The U.S. and European allies realize that they will not immediately stop the war. According to Andrea Kendall-Taylor, former Deputy National Intelligence Officer for Russia and Eurasia at the National Intelligence Council and a former senior analyst at the CIA, “Sanctions won’t act as a deterrent when dealing with someone like Putin, who is so intent on pursuing maximalist objectives that the economic costs don’t factor into his calculus to any meaningful degree.
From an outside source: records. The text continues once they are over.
lemma H_limit_not_infinity:
  assumes h_bounded: "\<And>T. 1 / M_inv_1 \<le> T \<Longrightarrow> integral {1/M_inv_1..T} h \<le> B"
  shows "\<not> ((\<lambda>t. ereal (M2 t / t powr (q - 2))) \<longlongrightarrow> \<infinity>) (at_right 0)"
proof
  assume "((\<lambda>t. ereal (M2 t / t powr (q - 2))) \<longlongrightarrow> \<infinity>) (at_right 0)"
  then have "eventually (\<lambda>t. ereal 1 < ereal (M2 t / t powr (q - 2))) (at_right 0)"
    by (rule order_tendstoD(1)) simp
  then have "eventually (\<lambda>x. 1 < H x) at_top"
    using eventually_H_at_top[of "\<lambda>y. 1 < y"] by simp
  then obtain T0 where T0: "1 / M_inv_1 \<le> T0" "\<And>x. T0 \<le> x \<Longrightarrow> 1 < H x"
    unfolding eventually_at_top_linorder by (meson max.cobounded1 max.cobounded2 order.trans)
  have T0_pos: "0 < T0" using T0(1) by (rule pos_if_ge_inverse)
  define I0 where "I0 = integral {1/M_inv_1..T0} h"
  define T where "T = T0 * exp (B - I0 + 1)"
  have "T0 \<le> T"
    using T0_pos h_bounded[OF T0(1)] by (simp add: T_def I0_def)
  have "((\<lambda>x. 1 / x) has_integral ln T - ln T0) {T0..T}"
    by (rule has_integral_inverse[OF T0_pos \<open>T0 \<le> T\<close>])
  moreover have "(h has_integral integral {T0..T} h) {T0..T}"
    using T0_pos by (intro integrable_integral integrable_continuous_interval continuous_on_h) auto
  moreover have "1 / x \<le> h x" if "x \<in> {T0..T}" for x
    using that T0(2)[of x] T0_pos h_eq[of x] by (simp add: divide_right_mono)
  ultimately have "ln T - ln T0 \<le> integral {T0..T} h"
    by (rule has_integral_le)
  also have "integral {T0..T} h = integral {1/M_inv_1..T} h - I0"
  proof -
    have "h integrable_on {1/M_inv_1..T}"
      by (intro integrable_continuous_interval continuous_on_h) (auto intro: pos_if_ge_inverse)
    from Henstock_Kurzweil_Integration.integral_combine[OF T0(1) \<open>T0 \<le> T\<close> this]
    show ?thesis by (simp add: I0_def)
  qed
  also have "\<dots> \<le> B - I0"
    using h_bounded T0(1) \<open>T0 \<le> T\<close> by simp
  finally show False
    using T0_pos by (simp add: T_def ln_mult)
qed

lemma H_bounded_above:
  assumes "\<And>T. 1 / M_inv_1 \<le> T \<Longrightarrow> integral {1/M_inv_1..T} h \<le> B"
    and "((\<lambda>t. ereal (M2 t / t powr (q - 2))) \<longlongrightarrow> L) (at_right 0)"
  obtains B' where "\<And>T. 1 / M_inv_1 \<le> T \<Longrightarrow> H T \<le> B'"
proof -
  have "L \<noteq> \<infinity>"
    using H_limit_not_infinity[OF assms(1)] assms(2) by auto
  then obtain n where "L < ereal (real n)"
    using less_PInf_Ex_of_nat by blast
  then have "eventually (\<lambda>t. ereal (M2 t / t powr (q - 2)) < ereal (real n)) (at_right 0)"
    by (rule order_tendstoD(2)[OF assms(2)])
  then have "eventually (\<lambda>x. H x < real n) at_top"
    using eventually_H_at_top[of "\<lambda>y. y < real n"] by simp
  then have "eventually (\<lambda>x. H x \<le> real n) at_top"
    by (rule eventually_mono) simp
  moreover have "continuous_on {1/M_inv_1..} H"
    using pos_if_ge_inverse by (intro continuous_on_H) auto
  ultimately show ?thesis
    using continuous_bounded_above_if_eventually that by blast
qed

lemma moment_density_has_integral:
  assumes T: "1 / M_inv_1 \<le> T"
  shows "((\<lambda>x. x powr q * dens p x) has_integral
    (1 - q / p) * integral {1/M_inv_1..T} h + (1 / p) * (H T - H (1 / M_inv_1))) {1/M_inv_1..T}"
proof -
  have "((\<lambda>x. (1 - q / p) * h x + (1 / p) * ((q - 2) * h x - x powr (q - 4) * M3 (1 / x)))
      has_integral (1 - q / p) * integral {1/M_inv_1..T} h + (1 / p) * (H T - H (1 / M_inv_1)))
    {1/M_inv_1..T}"
    using T h_has_integral[OF T] M_inv_1_pos
    by (intro has_integral_add has_integral_mult_right has_integral_of_deriv_on_pos H_deriv
        integrable_integral has_integral_integrable) auto
  moreover have "(1 - q / p) * h x + (1 / p) * ((q - 2) * h x - x powr (q - 4) * M3 (1 / x))
      = x powr q * dens p x" if "x \<in> {1/M_inv_1..T}" for x
  proof -
    have h_x: "h x = x powr q * (x powr (-3) * M2 (1 / x))"
      and M3_term: "x powr (q - 4) * M3 (1 / x) = x powr q * (x powr (-4) * M3 (1 / x))"
      unfolding h_def by (simp_all add: mult.assoc flip: powr_add)
    show ?thesis
      unfolding h_x M3_term dens_def by (simp add: divide_inverse algebra_simps)
  qed
  ultimately show ?thesis
    by (rule has_integral_cong[THEN iffD1, rotated]) simp
qed

lemma moment_truncation_nn_integral:
  assumes T: "1 / M_inv_1 \<le> T" and dens_nonneg: "\<And>x. 0 < x \<Longrightarrow> 0 \<le> dens p x"
  shows "(\<integral>\<^sup>+ x. ennreal (indicator {0<..} x * dens p x) * ennreal (x powr q) * indicator {..T} x
      \<partial>lborel) = ennreal ((1 - q / p) * integral {1/M_inv_1..T} h + (1 / p) * (H T - H (1 / M_inv_1)))"
proof -
  have truncation: "ennreal (indicator {0<..} x * dens p x) * ennreal (x powr q) * indicator {..T} x
      = ennreal (x powr q * dens p x) * indicator {1/M_inv_1..T} x" for x
  proof (cases "0 < x")
    case True
    then show ?thesis
      using dens_eq_0[of x p] dens_nonneg[of x]
      by (cases "x < 1 / M_inv_1") (auto split: split_indicator simp: ennreal_mult'' mult.commute)
  qed (auto split: split_indicator dest: pos_if_ge_inverse)
  show ?thesis
    unfolding truncation
    by (rule nn_integral_has_integral_lebesgue'[OF _ moment_density_has_integral[OF T]])
      (use dens_nonneg pos_if_ge_inverse in auto)
qed

lemma moment_nn_integral_finite:
  assumes "q < p" and dens_nonneg: "\<And>x. 0 < x \<Longrightarrow> 0 \<le> dens p x"
    and phi_finite: "(\<integral>\<^sup>+ t \<in> {0<..M_inv_1}. ennreal (phi t) \<partial>lborel) < \<infinity>"
    and limit: "((\<lambda>t. ereal (M2 t / t powr (q - 2))) \<longlongrightarrow> L) (at_right 0)"
  shows "(\<integral>\<^sup>+ x. ennreal (indicator {0<..} x * dens p x) * ennreal (x powr q) \<partial>lborel) < \<infinity>"
proof -
  obtain Bh where Bh: "\<And>T. 1 / M_inv_1 \<le> T \<Longrightarrow> integral {1/M_inv_1..T} h \<le> Bh"
    using h_integral_bounded[OF phi_finite] by blast
  obtain BH where BH: "\<And>T. 1 / M_inv_1 \<le> T \<Longrightarrow> H T \<le> BH"
    using H_bounded_above[OF Bh limit] by blast
  define B where "B = (1 - q / p) * Bh + (1 / p) * (BH - H (1 / M_inv_1))"
  have p: "0 < p" "0 \<le> 1 - q / p"
    using \<open>q < p\<close> q_gt_1 by (auto simp: field_simps)
  have "(\<lambda>x. indicator {0<..} x *\<^sub>R dens p x) \<in> borel_measurable borel"
    by (intro borel_measurable_continuous_on_indicator continuous_on_dens) auto
  then have [measurable]: "(\<lambda>x. indicator {0<..} x * dens p x) \<in> borel_measurable borel"
    by simp
  have bound: "(1 - q / p) * integral {1/M_inv_1..T} h + (1 / p) * (H T - H (1 / M_inv_1)) \<le> B"
    if T: "1 / M_inv_1 \<le> T" for T
  proof -
    have "(1 - q / p) * integral {1/M_inv_1..T} h \<le> (1 - q / p) * Bh"
      using Bh[OF T] p(2) by (rule mult_left_mono)
    moreover have "(1 / p) * (H T - H (1 / M_inv_1)) \<le> (1 / p) * (BH - H (1 / M_inv_1))"
      using BH[OF T] p(1) by (intro mult_left_mono) auto
    ultimately show ?thesis
      unfolding B_def by linarith
  qed
  have "(\<integral>\<^sup>+ x. ennreal (indicator {0<..} x * dens p x) * ennreal (x powr q) * indicator {..T} x
      \<partial>lborel) \<le> ennreal B" if T: "1 / M_inv_1 \<le> T" for T
  proof -
    have "(\<integral>\<^sup>+ x. ennreal (indicator {0<..} x * dens p x) * ennreal (x powr q) * indicator {..T} x
        \<partial>lborel) = ennreal ((1 - q / p) * integral {1/M_inv_1..T} h + (1 / p) * (H T - H (1 / M_inv_1)))"
      by (rule moment_truncation_nn_integral) (use T dens_nonneg in auto)
    also have "\<dots> \<le> ennreal B"
      by (rule ennreal_leI[OF bound[OF T]])
    finally show ?thesis .
  qed
  then have "(\<integral>\<^sup>+ x. ennreal (indicator {0<..} x * dens p x) * ennreal (x powr q) \<partial>lborel)
      \<le> ennreal B"
    by (rule nn_integral_le_if_truncations_le[rotated]) measurable
  then show ?thesis
    by (rule le_less_trans) simp
qed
The goal of sanctions at this point is to raise the costs of the conflict, to signal to the Russian people that Putin is taking their country in the wrong direction, and, critically, to strangle Russia’s ability to partake in destabilizing activities internationally.” 

There is hope that sanctions will cause enough damage to Russia to destabilize the country, devastate the economy, and reduce the support of a Ukraine invasion among the oligarchs and the ordinary citizens of Russia, …….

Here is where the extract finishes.